Elspeth McGillicuddy is on her way to visit her friend Jane Marple. As her train passes another running in the same direction, she sees a woman on the other train being strangled by a man. After the police fail to discover any sign of a body, Miss Marple concludes that it must have been thrown from the train into the adjacent grounds of Rutherford Hall. She sends Lucy Eyelesbarrow, a freelance housekeeper, to work there.

Rutherford Hall is the home of an irritable widower named Luther Crackenthorpe. It was originally his father's, who had made his fortune in biscuit manufacturing. On his death, he had left the Hall in trust for his eldest grandson, with Luther allowed to live in the house for his lifetime.

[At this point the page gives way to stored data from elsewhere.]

text \<open>Entropy H(W) in bits (convention 0 log 0 = 0 holds since log 2 0 = 0).\<close>
definition entropyW :: "('w::finite \<Rightarrow> real) \<Rightarrow> real" where
  "entropyW PW = - (\<Sum>w\<in>UNIV. PW w * log 2 (PW w))"

definition mutinfo :: "('w::finite \<Rightarrow> real) \<Rightarrow> ('w \<Rightarrow> 'u::finite \<Rightarrow> real)
    \<Rightarrow> ('w \<Rightarrow> 'u \<Rightarrow> 'v::finite \<Rightarrow> real) \<Rightarrow> real" where
  "mutinfo PW PUW PV = (\<Sum>w\<in>UNIV. \<Sum>u\<in>UNIV. \<Sum>v\<in>UNIV.
      joint PW PUW PV w u v * log 2 (PV w u v / PhiV PW PUW PV v))"

definition Zfun :: "('w::finite \<Rightarrow> real) \<Rightarrow> ('w \<Rightarrow> 'u::finite \<Rightarrow> real)
    \<Rightarrow> ('w \<Rightarrow> 'u \<Rightarrow> 'v \<Rightarrow> real) \<Rightarrow> 'w \<Rightarrow> 'u \<Rightarrow> 'v \<Rightarrow> real" where
  "Zfun PW PUW PV w u v = PW w * PV w u v / PhiV PW PUW PV v"

definition EZpow :: "('w::finite \<Rightarrow> real) \<Rightarrow> ('w \<Rightarrow> 'u::finite \<Rightarrow> real)
    \<Rightarrow> ('w \<Rightarrow> 'u \<Rightarrow> 'v::finite \<Rightarrow> real) \<Rightarrow> real \<Rightarrow> real" where
  "EZpow PW PUW PV b = (\<Sum>w\<in>UNIV. \<Sum>u\<in>UNIV. \<Sum>v\<in>UNIV.
      joint PW PUW PV w u v * Zfun PW PUW PV w u v powr b)"

definition ESqrtCond :: "('w::finite \<Rightarrow> real) \<Rightarrow> ('w \<Rightarrow> 'u::finite \<Rightarrow> real)
    \<Rightarrow> ('w \<Rightarrow> 'u \<Rightarrow> 'v::finite \<Rightarrow> real) \<Rightarrow> real \<Rightarrow> real" where
  "ESqrtCond PW PUW PV c = (\<Sum>v\<in>UNIV. PhiV PW PUW PV v *
      sqrt (\<Sum>w\<in>UNIV. \<Sum>u\<in>UNIV. (joint PW PUW PV w u v / PhiV PW PUW PV v)
              * Zfun PW PUW PV w u v powr c))"

definition gamma_obj :: "('w::finite \<Rightarrow> real) \<Rightarrow> ('w \<Rightarrow> 'u::finite \<Rightarrow> real)
    \<Rightarrow> ('w \<Rightarrow> 'u \<Rightarrow> 'v::finite \<Rightarrow> real) \<Rightarrow> real \<Rightarrow> real \<Rightarrow> real" where
  "gamma_obj PW PUW PV b b' =
     (- b' / (2 * b + b')) * log 2 (EZpow PW PUW PV b)
   + (- b / (2 * b + b')) * log 2 ((ESqrtCond PW PUW PV (1 - b'))\<^sup>2)"

definition gamma :: "('w::finite \<Rightarrow> real) \<Rightarrow> ('w \<Rightarrow> 'u::finite \<Rightarrow> real)
    \<Rightarrow> ('w \<Rightarrow> 'u \<Rightarrow> 'v::finite \<Rightarrow> real) \<Rightarrow> real" where
  "gamma PW PUW PV = Sup {gamma_obj PW PUW PV b b' | b b'.
       0 \<le> b \<and> 0 \<le> b' \<and> (b, b') \<noteq> (0, 0)}"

The capital from the estate is also held in trust, to be divided on Luther's death equally among Luther's surviving children.

Edmund, Luther's firstborn son, died during World War II. Younger daughter Edith died four years before the novel begins, leaving a son, Alexander, currently on holiday from school. Luther's remaining children are Cedric, a painter (who will inherit the house); Harold, a married businessman; Alfred, whose business is somewhat shady; and Emma, who is unmarried. Others at the Hall include Alexander's father Bryan Eastley and Alexander's schoolfriend James Stoddart-West. Dr Quimper attends to Luther and is close friends with Emma.

Lucy finds a woman's body hidden in a barn on the property. The police, led by Inspector Craddock, identify the victim's clothing as French. Their enquiries lead them to think that the dead woman may have been a dancer calling herself "Anna Stravinska", who had gone missing from a ballet troupe. However, that name is an alias, and the police cannot trace her.

Emma tells the police about two letters: an older one from her brother Edmund, written shortly before his death in France, in which he said he intended to marry a woman named Martine, and a recent one that seems to be from this Martine, wanting to connect with the family. The family concludes that the second letter is probably a scam, since Martine has not been heard from in many years. The police suspect that the body is that of Martine.

Alexander tells Lucy that his father, Bryan, is fond of her, and says he wouldn't mind having her as stepmother. James's mother, Lady Stoddart-West, arrives to reveal that she is in fact Martine. She explains that Edmund died before they could be married, and after she married another man she resolved not to bring up the painful past by telling the Crackenthorpes about their connection. She has chosen to speak up now only because her son told her about the identification of the dead woman as Martine. After Edmund's death, Martine had joined the Resistance and briefly met Bryan Eastley, who was escaping through France. At Rutherford Hall, she recognises him again.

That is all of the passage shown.